# Action item:
Lift out, unaltered, the lines of the material below between the line holding "using linfrac_denominator_pos[of x] by" and the line holding "define X where", counting both.

# Input data:
▬▬▬▬▬▬
lemma decreasing_path_singleton [simp]: "decreasing_path [x]"
  unfolding decreasing_path_def by (cases x) auto

lemma increasing_path_rev: "increasing_path (rev ps) \<longleftrightarrow> decreasing_path ps"
  unfolding decreasing_path_def increasing_path_def by (simp add: sorted_wrt_rev)

lemma decreasing_path_distinct: "decreasing_path ps \<Longrightarrow> distinct ps"
proof (induction ps)
  case (Cons x ps)
  then show ?case
    using decreasing_path_append[of "[x]" ps] side_less_irrefl same_side_refl by auto
qed simp

lemma decreasing_path_le_hd:
  assumes "decreasing_path ps" "x \<in> set ps" "same_side (hd ps) x"
  shows "x = hd ps \<or> side_less x (hd ps)"
  using assms decreasing_path_append[of "[hd ps]" "tl ps"]
  by (cases ps) auto

lemma decreasing_path_last_le:
  assumes "decreasing_path ps" "x \<in> set ps" "same_side (last ps) x"
  shows "x = last ps \<or> side_less (last ps) x"
proof -
  obtain xs l where ps: "ps = xs @ [l]"
    using assms(2) by (cases ps rule: rev_cases) auto
  then show ?thesis
    using assms decreasing_path_append[of xs "[l]"] same_side_sym by auto
qed

lemma decreasing_path_snoc_below:
  assumes "decreasing_path (ps @ [a, x])" "\<not> same_side x y" "side_less y a"
  shows "decreasing_path (ps @ [a, x, y])"
proof -
  have "side_less y z" if "z \<in> set (ps @ [a, x])" "same_side z y" for z
  proof -
    have "z \<noteq> x" using that(2) assms(2) by auto
    moreover have "same_side a z"
      using that(2) assms(3) side_less_same_side same_side_sym same_side_trans by blast
    ultimately have "z = a \<or> side_less a z"
      using that(1) assms(1) decreasing_path_appendD[of "ps @ [a]" "[x]"]
        decreasing_path_last_le[of "ps @ [a]" z] by auto
    then show ?thesis using assms(3) side_less_trans by blast
  qed
  then show ?thesis
    using assms(1) decreasing_path_append[of "ps @ [a, x]" "[y]"] by auto
qed
lemma strict_mono_on_linfrac: "strict_mono_on {0..1} (linfrac a b)"
proof (rule strict_mono_onI)
  fix x y :: real assume "x \<in> {0..1}" "y \<in> {0..1}" "x < y"
  moreover from this have "0 < a + b * x" "0 < a + b * y" using linfrac_denominator_pos by auto
  ultimately show "linfrac a b x < linfrac a b y"
    using a by (simp add: linfrac_def field_simps)
qed

lemma linfrac_in_01: "x \<in> {0..1} \<Longrightarrow> linfrac a b x \<in> {0..1}"
proof -
  assume x: "x \<in> {0..1}"
  have "0 \<le> a * (1 - x)" "0 \<le> (a + b - 1) * x" using a ab x by auto
  then have "x \<le> a + b * x" by (simp add: algebra_simps)
  then show ?thesis using linfrac_denominator_pos[OF x] x by (simp add: linfrac_def)
qed

lemma linfrac_1_less: "linfrac a b 1 < 1"
  using ab by (simp add: linfrac_def)

lemma linfrac_pos: "0 < x \<Longrightarrow> x \<le> 1 \<Longrightarrow> 0 < linfrac a b x"
  using linfrac_denominator_pos[of x] by (simp add: linfrac_def)

end

context
  fixes c d e f :: real
  assumes c: "0 < c" and cd: "1 < c + d" and e: "0 < e" and ef: "1 < e + f"
    and product: "1 \<le> (c + d - 1) * (e + f - 1)"
begin

lemma linfrac_no_common_fixpoint:
  assumes y: "y \<in> {0..1}"
  shows "y < 1 - linfrac c d (1 - y) \<or> linfrac e f y < y"
proof (rule ccontr)
  assume "\<not> ?thesis"
  then have A: "1 - y \<le> linfrac c d (1 - y)" and B: "y \<le> linfrac e f y" by auto
  have "y \<noteq> 0" "y \<noteq> 1" using A B linfrac_1_less[OF c cd] linfrac_1_less[OF e ef] by auto
  then have u: "0 < 1 - y" and y': "0 < y" using y by auto
  have "c + d * (1 - y) \<le> 1" "e + f * y \<le> 1"
    using A B le_linfrac_iff linfrac_denominator_pos[OF c cd] linfrac_denominator_pos[OF e ef] u y' y
    by auto
  then have Cu: "(c + d - 1) * (1 - y) \<le> (1 - c) * y" and Ey: "(e + f - 1) * y \<le> (1 - e) * (1 - y)"
    by (simp_all add: algebra_simps)
  have "0 < (c + d - 1) * (1 - y)" "0 < (e + f - 1) * y" using cd ef u y' by auto
  then have "0 < (1 - c) * y" "0 < (1 - e) * (1 - y)" using Cu Ey by linarith+
  then have "c < 1" "e < 1" using u y' by (simp_all add: zero_less_mult_iff)
  have "((c + d - 1) * (1 - y)) * ((e + f - 1) * y) \<le> ((1 - c) * y) * ((1 - e) * (1 - y))"
    using \<open>0 < (1 - c) * y\<close> \<open>0 < (e + f - 1) * y\<close> by (intro mult_mono[OF Cu Ey]) auto
  then have "((c + d - 1) * (e + f - 1)) * ((1 - y) * y) \<le> ((1 - c) * (1 - e)) * ((1 - y) * y)"
    by (simp add: mult_ac)
  then have "(c + d - 1) * (e + f - 1) \<le> (1 - c) * (1 - e)" using u y' by simp
  moreover have "(1 - c) * (1 - e) < 1 * 1"
    using c e \<open>c < 1\<close> \<open>e < 1\<close> by (intro mult_strict_mono) auto
  ultimately show False using product by simp
qed

text \<open>After clearing the positive denominators, the difference of the two sides is a sum of
  nonnegative terms (\<open>expand\<close>); the hypothesis \<open>product\<close> is needed for the first of them.\<close>
lemma linfrac_gap:
  assumes s: "s \<in> {0..1}"
  shows "linfrac e f (1 - linfrac c d (1 - s)) \<le> 1 - linfrac c d (1 - linfrac e f s)"
proof -
  define u where "u = 1 - s"
  define D1 where "D1 = e + f * s"
  define D2 where "D2 = c + d * u"
  define X where "X = D1 - s"
  define Y where "Y = D2 - u"
  have u: "u \<in> {0..1}" using s by (simp add: u_def)
  have D: "0 < D1" "0 < D2"
    using linfrac_denominator_pos[OF e ef s] linfrac_denominator_pos[OF c cd u] by (simp_all add: D1_def D2_def)
  have "0 \<le> e * (1 - s)" "0 \<le> (e + f - 1) * s" "0 \<le> c * (1 - u)" "0 \<le> (c + d - 1) * u"
    using s u c cd e ef by auto
  then have XY: "0 \<le> X" "0 \<le> Y" by (simp_all add: X_def Y_def D1_def D2_def algebra_simps)
  have As: "1 - linfrac c d (1 - s) = Y / D2" and Bs: "1 - linfrac e f s = X / D1"
    using D by (simp_all add: linfrac_def u_def Y_def X_def D1_def D2_def field_simps)
  have in_01: "Y / D2 \<in> {0..1}" "X / D1 \<in> {0..1}"
    using linfrac_in_01[OF c cd u] linfrac_in_01[OF e ef s] As Bs by (auto simp: u_def)
  have "0 < e + f * (Y / D2)" "0 < c + d * (X / D1)"
    by (fact linfrac_denominator_pos[OF e ef in_01(1)], fact linfrac_denominator_pos[OF c cd in_01(2)])
  then have den: "0 < e * D2 + f * Y" "0 < c * D1 + d * X"
    using D by (simp_all add: field_simps)
  have "Y * (c * D1 + d * X) \<le> (c * D1 + (d - 1) * X) * (e * D2 + f * Y)"
  proof -
    have expand: "(c * D1 + (d - 1) * X) * (e * D2 + f * Y) - Y * (c * D1 + d * X) =
      X * Y * ((c + d - 1) * (e + f - 1) - 1) + (c + d - 1) * e * u * X + c * s * Y * (e + f - 1)
        + c * s * e * u"
      by (simp add: X_def Y_def D1_def D2_def u_def algebra_simps)
    have "0 \<le> X * Y * ((c + d - 1) * (e + f - 1) - 1)" using XY product by simp
    moreover have "0 \<le> (c + d - 1) * e * u * X" using cd e u XY by simp
    moreover have "0 \<le> c * s * Y * (e + f - 1)" using c s XY ef by simp
    moreover have "0 \<le> c * s * e * u" using c s e u by simp
    ultimately show ?thesis using expand by linarith
  qed
  then have "Y / (e * D2 + f * Y) \<le> 1 - X / (c * D1 + d * X)"
    using den by (simp add: field_simps)
  moreover have "linfrac e f (1 - linfrac c d (1 - s)) = Y / (e * D2 + f * Y)"
    unfolding As using D by (simp add: linfrac_divide)
  moreover have "1 - linfrac c d (1 - linfrac e f s) = 1 - X / (c * D1 + d * X)"
    unfolding Bs using D by (simp add: linfrac_divide)
  ultimately show ?thesis by simp
qed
▬▬▬▬▬▬
# Exercise answer:
  using linfrac_denominator_pos[of x] by (simp add: linfrac_def)

end

context
  fixes c d e f :: real
  assumes c: "0 < c" and cd: "1 < c + d" and e: "0 < e" and ef: "1 < e + f"
    and product: "1 \<le> (c + d - 1) * (e + f - 1)"
begin

lemma linfrac_no_common_fixpoint:
  assumes y: "y \<in> {0..1}"
  shows "y < 1 - linfrac c d (1 - y) \<or> linfrac e f y < y"
proof (rule ccontr)
  assume "\<not> ?thesis"
  then have A: "1 - y \<le> linfrac c d (1 - y)" and B: "y \<le> linfrac e f y" by auto
  have "y \<noteq> 0" "y \<noteq> 1" using A B linfrac_1_less[OF c cd] linfrac_1_less[OF e ef] by auto
  then have u: "0 < 1 - y" and y': "0 < y" using y by auto
  have "c + d * (1 - y) \<le> 1" "e + f * y \<le> 1"
    using A B le_linfrac_iff linfrac_denominator_pos[OF c cd] linfrac_denominator_pos[OF e ef] u y' y
    by auto
  then have Cu: "(c + d - 1) * (1 - y) \<le> (1 - c) * y" and Ey: "(e + f - 1) * y \<le> (1 - e) * (1 - y)"
    by (simp_all add: algebra_simps)
  have "0 < (c + d - 1) * (1 - y)" "0 < (e + f - 1) * y" using cd ef u y' by auto
  then have "0 < (1 - c) * y" "0 < (1 - e) * (1 - y)" using Cu Ey by linarith+
  then have "c < 1" "e < 1" using u y' by (simp_all add: zero_less_mult_iff)
  have "((c + d - 1) * (1 - y)) * ((e + f - 1) * y) \<le> ((1 - c) * y) * ((1 - e) * (1 - y))"
    using \<open>0 < (1 - c) * y\<close> \<open>0 < (e + f - 1) * y\<close> by (intro mult_mono[OF Cu Ey]) auto
  then have "((c + d - 1) * (e + f - 1)) * ((1 - y) * y) \<le> ((1 - c) * (1 - e)) * ((1 - y) * y)"
    by (simp add: mult_ac)
  then have "(c + d - 1) * (e + f - 1) \<le> (1 - c) * (1 - e)" using u y' by simp
  moreover have "(1 - c) * (1 - e) < 1 * 1"
    using c e \<open>c < 1\<close> \<open>e < 1\<close> by (intro mult_strict_mono) auto
  ultimately show False using product by simp
qed

text \<open>After clearing the positive denominators, the difference of the two sides is a sum of
  nonnegative terms (\<open>expand\<close>); the hypothesis \<open>product\<close> is needed for the first of them.\<close>
lemma linfrac_gap:
  assumes s: "s \<in> {0..1}"
  shows "linfrac e f (1 - linfrac c d (1 - s)) \<le> 1 - linfrac c d (1 - linfrac e f s)"
proof -
  define u where "u = 1 - s"
  define D1 where "D1 = e + f * s"
  define D2 where "D2 = c + d * u"
  define X where "X = D1 - s"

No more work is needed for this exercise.